Start of Data supplied

lemma soundness_term_perturb:
  assumes "\<bar>rho (ci, cj, c)\<bar> \<le> 1"
    and Gamma: "\<And>q1 q2. q1 \<in> {0..1} \<Longrightarrow> q2 \<in> {0..1} \<Longrightarrow>
      \<bar>Gamma (rho (ci, cj, c')) q1 q2 - Gamma (rho (ci, cj, c)) q1 q2\<bar> \<le> e"
    and "t ci \<in> {-1..1}" "t cj \<in> {-1..1}" "t' ci \<in> {-1..1}" "t' cj \<in> {-1..1}"
    and "\<bar>t ci - t' ci\<bar> \<le> \<eta>" "\<bar>t cj - t' cj\<bar> \<le> \<eta>"
  shows "soundness_term t (ci, cj, c') \<le> soundness_term t' (ci, cj, c) + 3 * \<eta> + 2 * e"
proof -
  define qi qj qi' qj' where "qi = (1 - t ci) / 2" "qj = (1 - t cj) / 2"
    "qi' = (1 - t' ci) / 2" "qj' = (1 - t' cj) / 2"
  have q: "qi \<in> {0..1}" "qj \<in> {0..1}" "qi' \<in> {0..1}" "qj' \<in> {0..1}"
    using assms(3-6) by (auto simp: qi_qj_qi'_qj'_def)
  have "\<bar>Gamma (rho (ci, cj, c)) qi qj - Gamma (rho (ci, cj, c)) qi' qj'\<bar> \<le> \<bar>qi - qi'\<bar> + \<bar>qj - qj'\<bar>"
    using assms(1) q(1,3,2,4) by (rule Gamma_lipschitz)
  moreover have "\<bar>qi - qi'\<bar> \<le> \<eta> / 2" "\<bar>qj - qj'\<bar> \<le> \<eta> / 2"
    using assms(7,8)
    by (simp_all add: qi_qj_qi'_qj'_def diff_divide_distrib[symmetric] abs_divide abs_minus_commute)
  moreover have "\<bar>Gamma (rho (ci, cj, c')) qi qj - Gamma (rho (ci, cj, c)) qi qj\<bar> \<le> e"
    using Gamma q by blast
  moreover have "soundness_term t (ci, cj, c') = qi + qj - 2 * Gamma (rho (ci, cj, c')) qi qj"
    "soundness_term t' (ci, cj, c) = qi' + qj' - 2 * Gamma (rho (ci, cj, c)) qi' qj'"
    by (simp_all add: soundness_term_def qi_qj_qi'_qj'_def)
  ultimately show ?thesis unfolding abs_le_iff by linarith
qed

definition admissible :: "real set \<Rightarrow> real pmf \<Rightarrow> (real \<Rightarrow> real) \<Rightarrow> bool" where
  "admissible B \<mu> t \<longleftrightarrow> (\<forall>b\<in>B. t b \<in> {-1..1}) \<and> (\<Sum>b\<in>B. pmf \<mu> b * t b) = 0"

lemma soundness_t_le_2:
  assumes "finite (set_pmf D)" "biases D \<subseteq> B" "\<forall>b\<in>B. t b \<in> {-1..1}"
  shows "soundness_t D t \<le> 2"
proof -
  have "soundness_term t \<theta> \<le> 0 + 2" if "\<theta> \<in> set_pmf D" for \<theta>
  proof -
    obtain ci cj cij where \<theta>: "\<theta> = (ci, cj, cij)" by (cases \<theta>)
    then have "(1 - t ci) / 2 \<le> 1" "(1 - t cj) / 2 \<le> 1" using that assms(2,3) by (auto simp: biases_def)
    moreover have "0 \<le> Gamma (rho \<theta>) ((1 - t ci) / 2) ((1 - t cj) / 2)" by (simp add: Gamma_def)
    ultimately show ?thesis unfolding soundness_term_def \<theta> prod.case by linarith
  qed
  then show ?thesis
    using expectation_le_add[OF assms(1), of "soundness_term t" "\<lambda>_. 0" 2] by (simp add: soundness_t_eq)
qed
(* Let $X$ be $\mathbf{S}^2\times\mathbb{R}$ or $\mathbf{H}^2\times\mathbb{R}$ in the projective model described in the context. Let $P_1=(1,1,0,0)$, $P_2=(1,a,b,c)$, $P_3=(1,d,e,f)$ be given points of $X$ and $P=(1,x,y,z)$ an arbitrary point of $X$. Let $\mathbf{p}_1=(1,0,0)$, $\mathbf{p}_2=(a,b,c)$, $\mathbf{p}_3=(d,e,f)$, $\mathbf{p}=(x,y,z)$, and let $P_1'=P_1,P_2',P_3',P'$ be the projections of $P_1,P_2,P_3,P$ onto the unit surface of $X$ along the fibre lines. Let $d_1,d_2,d_3$ be the distances (in the unit surface) of $P'$ to $P_1',P_2',P_3'$, and let $\gamma_1=\angle P_2'P'P_3'$, $\gamma_2=\angle P_3'P'P_1'$, $\gamma_3=\angle P_1'P'P_2'$ be directed angles. Then $P$ lies on the translation-like triangular surface $S^{X,t}_{P_1,P_2,P_3}$ if \[ d_1d_2\sin(\gamma_3)\ln\frac{|\mathbf{p}_3|}{|\mathbf{p}|}+d_2d_3\sin(\gamma_1)\ln\frac{|\mathbf{p}_1|}{|\mathbf{p}|}+d_3d_1\sin(\gamma_2)\ln\frac{|\mathbf{p}_2|}{|\mathbf{p}|}=0, \] where $|\cdot|$ is the Euclidean norm.
   Context: Points are written in homogeneous coordinates $(1,x,y,z)$; $\mathbf{S}^2\times\mathbb{R}$ is the set of such points with $x^2+y^2+z^2>0$, and $\mathbf{H}^2\times\mathbb{R}$ the set with $x^2-y^2-z^2>0$, $x>0$. The unit surface is the unit sphere $x^2+y^2+z^2=1$ (with its spherical metric) in $\mathbf{S}^2\times\mathbb{R}$, resp. the sheet $x>0$ of $x^2-y^2-z^2=1$ (with its hyperbolic-plane metric) in $\mathbf{H}^2\times\mathbb{R}$; the fibre lines are the open rays from the Euclidean origin, and the fibre coordinate of $(1,\mathbf{p})$ is $\ln$ of $\sqrt{x^2\pm(y^2+z^2)}$ (sign $+$ for $\mathbf{S}^2\times\mathbb{R}$, $-$ for $\mathbf{H}^2\times\mathbb{R}$); projection along fibres sends $\mathbf{p}$ to $\mathbf{p}/\sqrt{x^2\pm(y^2+z^2)}$. With $S,C$ meaning $\sin,\cos$ (resp. $\sinh,\cosh$), the translation curves (= geodesics) from $E_0=(1,1,0,0)$ are $x=e^{\tau\sin v}C(\tau\cos v)$, $y=e^{\tau\sin v}S(\tau\cos v)\cos u$, $z=e^{\tau\sin v}S(\tau\cos v)\sin u$, with tangent $(\sin v,\cos v\cos u,\cos v\sin u)$ at $E_0$; translation curves from other points are images of these under isometries, which are generated by fibre translations $\mathbf{p}\mapsto e^{s}\mathbf{p}$ and isometries of the unit surface (extended linearly). The translation-like triangular surface $S^{X,t}_{P_1,P_2,P_3}$ is the set of points $P$ of $X$ such that the tangent vectors at $P$ of the translation curves drawn from $P$ to $P_1$, $P_2$, $P_3$ are coplanar (linearly dependent).
   Formalization: The norm in the logarithms is $\sqrt{x^2\pm(y^2+z^2)}$ instead of the Euclidean norm, and the translation curves drawn from P to $P_1$, $P_2$, $P_3$ are those projecting to shortest geodesics of the unit surface. Each condition added here is assumed in the paper as well or is needed for the statement above to hold. *)

theory Defs
  imports "HOL-Analysis.Analysis"
begin
lemma r_combinations_nonneg_if_r4_nonneg:
  assumes "0 < l" "l < 1" "e < 1" "1 \<le> d" and r4: "0 \<le> r4 d l e"
  shows "0 \<le> r3 d l e" and "0 \<le> r5 d l e"
    and "0 \<le> r4 d l e + r5 d l e + (real d - 2) * r6 d l e"
    and "0 \<le> r1 d l e + r3 d l e + (real d - 1) * r2 d l e"
proof -
  define M where "M = epsM l e"
  have a: "0 < 1 - l / 2" using assms by simp
  note M_bounds = epsM_lower_bounds[OF assms(1,2,4) r4, folded M_def]
  show "0 \<le> r3 d l e"
    using r4 by (simp add: r3_eq_r4)
  have "r5 d l e = l / 2 * r4 d l e + l / 2 * (1 - l / 2) * ((1 - l / 2) + M)"
    unfolding r5_eq_r3 r3_eq_r4 M_def by (simp add: power2_eq_square field_simps)
  moreover have "0 \<le> l / 2 * (1 - l / 2) * ((1 - l / 2) + M)" and "0 \<le> l / 2 * r4 d l e"
    using M_bounds a assms r4 by simp_all
  ultimately show "0 \<le> r5 d l e" by linarith
  have "0 \<le> l / 2 * (1 - l / 2) * ((real d - 1) * M + (1 - l / 2))"
    using M_bounds a assms by simp
  then show "0 \<le> r4 d l e + r5 d l e + (real d - 2) * r6 d l e"
    using r4 assms by (simp add: r456_combination_eq M_def[symmetric])
  show "0 \<le> r1 d l e + r3 d l e + (real d - 1) * r2 d l e"
    using r4 assms r7_nonneg_if_r4_nonneg[OF assms] by (simp add: r123_combination_eq)
qed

End of Data supplied

What the task requires – Show every line above in which the word "curves" appears.

Solved exercise –
   Context: Points are written in homogeneous coordinates $(1,x,y,z)$; $\mathbf{S}^2\times\mathbb{R}$ is the set of such points with $x^2+y^2+z^2>0$, and $\mathbf{H}^2\times\mathbb{R}$ the set with $x^2-y^2-z^2>0$, $x>0$. The unit surface is the unit sphere $x^2+y^2+z^2=1$ (with its spherical metric) in $\mathbf{S}^2\times\mathbb{R}$, resp. the sheet $x>0$ of $x^2-y^2-z^2=1$ (with its hyperbolic-plane metric) in $\mathbf{H}^2\times\mathbb{R}$; the fibre lines are the open rays from the Euclidean origin, and the fibre coordinate of $(1,\mathbf{p})$ is $\ln$ of $\sqrt{x^2\pm(y^2+z^2)}$ (sign $+$ for $\mathbf{S}^2\times\mathbb{R}$, $-$ for $\mathbf{H}^2\times\mathbb{R}$); projection along fibres sends $\mathbf{p}$ to $\mathbf{p}/\sqrt{x^2\pm(y^2+z^2)}$. With $S,C$ meaning $\sin,\cos$ (resp. $\sinh,\cosh$), the translation curves (= geodesics) from $E_0=(1,1,0,0)$ are $x=e^{\tau\sin v}C(\tau\cos v)$, $y=e^{\tau\sin v}S(\tau\cos v)\cos u$, $z=e^{\tau\sin v}S(\tau\cos v)\sin u$, with tangent $(\sin v,\cos v\cos u,\cos v\sin u)$ at $E_0$; translation curves from other points are images of these under isometries, which are generated by fibre translations $\mathbf{p}\mapsto e^{s}\mathbf{p}$ and isometries of the unit surface (extended linearly). The translation-like triangular surface $S^{X,t}_{P_1,P_2,P_3}$ is the set of points $P$ of $X$ such that the tangent vectors at $P$ of the translation curves drawn from $P$ to $P_1$, $P_2$, $P_3$ are coplanar (linearly dependent).
   Formalization: The norm in the logarithms is $\sqrt{x^2\pm(y^2+z^2)}$ instead of the Euclidean norm, and the translation curves drawn from P to $P_1$, $P_2$, $P_3$ are those projecting to shortest geodesics of the unit surface. Each condition added here is assumed in the paper as well or is needed for the statement above to hold. *)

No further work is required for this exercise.